- Poster
- Based on: Death of a Cheerleader by Randall Sullivan
- Screenplay by: Caitlin D. Fryers; Dan Bronson;
- Story by: Randall Sullivan; Dan Bronson;
- Directed by: Paul Shapiro
- Starring: Aubrey Peeples; Morgan Taylor Campbell; Sarah Dugdale; Madelyn Grace; MacKenzie Cardwell; Kirsten Robek; P. Lynn Johnson; Chris William Martin; Lane Edwards; Lucia Walters; Kellie Martin;
- Music by: Graeme Coleman
- Country of origin: United States
- Original language: English

Production
- Producer: Michael O'Connor
- Cinematography: Toby Gorman
- Editor: Mark Shearer
- Running time: 84 minutes

Original release
- Network: Lifetime
- Release: February 2, 2019

= Death of a Cheerleader (2019 film) =

2019 American television film

Death of a Cheerleader is a television film that aired on Lifetime on February 2, 2019 and starring Aubrey Peeples, Morgan Taylor Campbell, Sarah Dugdale, Madelyn Grace, MacKenzie Cardwell and Kellie Martin. The film is a remake of the 1994 television film A Friend to Die For, based on the murder of Kirsten Costas, and has Martin appearing in a different role than in the 1994 version.

==Plot==
Bridget Moretti is a shy high school student who befriends Kelly Locke, the leader of the clique of popular girls known as the Bobettes. Despite this newfound popularity, Bridget experiences a number of other social setbacks and begins to spiral. After being romantically rejected by Kelly, Bridget snaps and stabs her to death.
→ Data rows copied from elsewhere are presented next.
lemma integral_prob_one_success_le:
  assumes "G \<ge> 3" and "\<kappa> \<ge> 0"
    and \<kappa>: "\<And>p. p \<in> {1/G..2/G} \<Longrightarrow> \<kappa> * p^G \<le> (\<kappa> - 1) * (1 - (1 - p)^G)"
  shows "real G * integral {1/G..2/G} (prob_one_success G)
           \<le> \<kappa> * weighted_increments (\<lambda>k. ln_prob_any_success G ((8 + real k) / (8 * real G)))"
proof -
  define q where "q k = (8 + real k) / (8 * real G)" for k
  define I where "I k = integral {q k..q (Suc k)} (prob_one_success G)" for k
  have G: "real G > 0" "2 / real G < 1"
    using assms(1) by (auto simp: field_simps)
  have q: "0 < q k" "q k < q (Suc k)" "q 0 = 1/G" "q 8 = 2/G" for k
    unfolding q_def using G by (auto simp: field_simps)
  have q_mono: "q j \<le> q k" if "j \<le> k" for j k
    unfolding q_def using that G by (simp add: divide_right_mono)
  have sub: "{q k..q (Suc k)} \<subseteq> {1/G..2/G}" and q_lt_1: "q (Suc k) < 1" if "k < 8" for k
    using q_mono[of 0 k] q_mono[of "Suc k" 8] that q(3,4) G(2) by auto
  then have I: "(prob_one_success G has_integral I k) {q k..q (Suc k)}" if "k < 8" for k
    unfolding I_def using q(1)[of k] assms(1) that
    by (intro integrable_integral integrable_continuous_interval continuous_on_prob_one_success) auto
  have "(prob_one_success G has_integral (\<Sum>k<8. I k)) {1/G..2/G}"
    using has_integral_sum_consecutive[of 8 _ I q] I q(2,3,4) less_imp_le by metis
  then have "real G * integral {1/G..2/G} (prob_one_success G) = (\<Sum>k<8. real G * I k)"
    by (simp add: integral_unique sum_distrib_left)
  also have "\<dots> \<le> (\<Sum>k<8. \<kappa> * ((17 + 2 * real k) / 16
                   * (ln_prob_any_success G (q (Suc k)) - ln_prob_any_success G (q k))))"
  proof (rule sum_mono)
    fix k :: nat assume "k \<in> {..<8}"
    then have k: "k < 8"
      by simp
    let ?d = "ln_prob_any_success G (q (Suc k)) - ln_prob_any_success G (q k)"
    have "I k \<le> \<kappa> * ((q k + q (Suc k)) / 2 * ?d)"
      by (rule has_integral_prob_one_success_le[OF _ q(1,2) q_lt_1[OF k] assms(2) _ I[OF k]])
        (use assms(1) in simp, use \<kappa> sub[OF k] in blast)
    then have "real G * I k \<le> \<kappa> * ((real G * ((q k + q (Suc k)) / 2)) * ?d)"
      using mult_left_mono[of "I k" _ "real G"] G(1) by (simp add: mult_ac)
    also have "real G * ((q k + q (Suc k)) / 2) = (17 + 2 * real k) / 16"
      unfolding q_def using G(1) by (simp add: field_simps)
    finally show "real G * I k \<le> \<kappa> * ((17 + 2 * real k) / 16 * ?d)" .
  qed
  also have "\<dots> = \<kappa> * weighted_increments (\<lambda>k. ln_prob_any_success G ((8 + real k) / (8 * real G)))"
    unfolding weighted_increments_def sum_distrib_left q_def ..
  finally show ?thesis .
qed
The movie follows the events around the school and community as an FBI agent attempts to piece together what happened to Kelly and Bridget's guilt over her violent action grows.

==Cast==
- Aubrey Peeples as Bridget Moretti
- Morgan Taylor Campbell as Nina Miller
- Sarah Dugdale as Kelly Locke
- Madelyn Grace as Trish Doyle
- MacKenzie Cardwell as Judy
- Kirsten Robek as Betty Locke
- P. Lynn Johnson as Margo Moretti
- Chris William Martin as Sheriff Randall
- Lane Edwards as Dale Locke
- Lucia Walters as Mrs. Lockwood
- Kellie Martin as Agent Veronica Murray
- Milo Shandel as Principal Simmons
- Alison Rayne as Mia Miller
- Ken Tremblett as John Shelly
- James Drew Dean as Eli

== Production ==
Kellie Martin played the role of Angela, the murderous high school student, in the original 1994 film, and the role of the FBI agent was rewritten as a woman specifically with Martin in mind to play the character in the 2019 remake.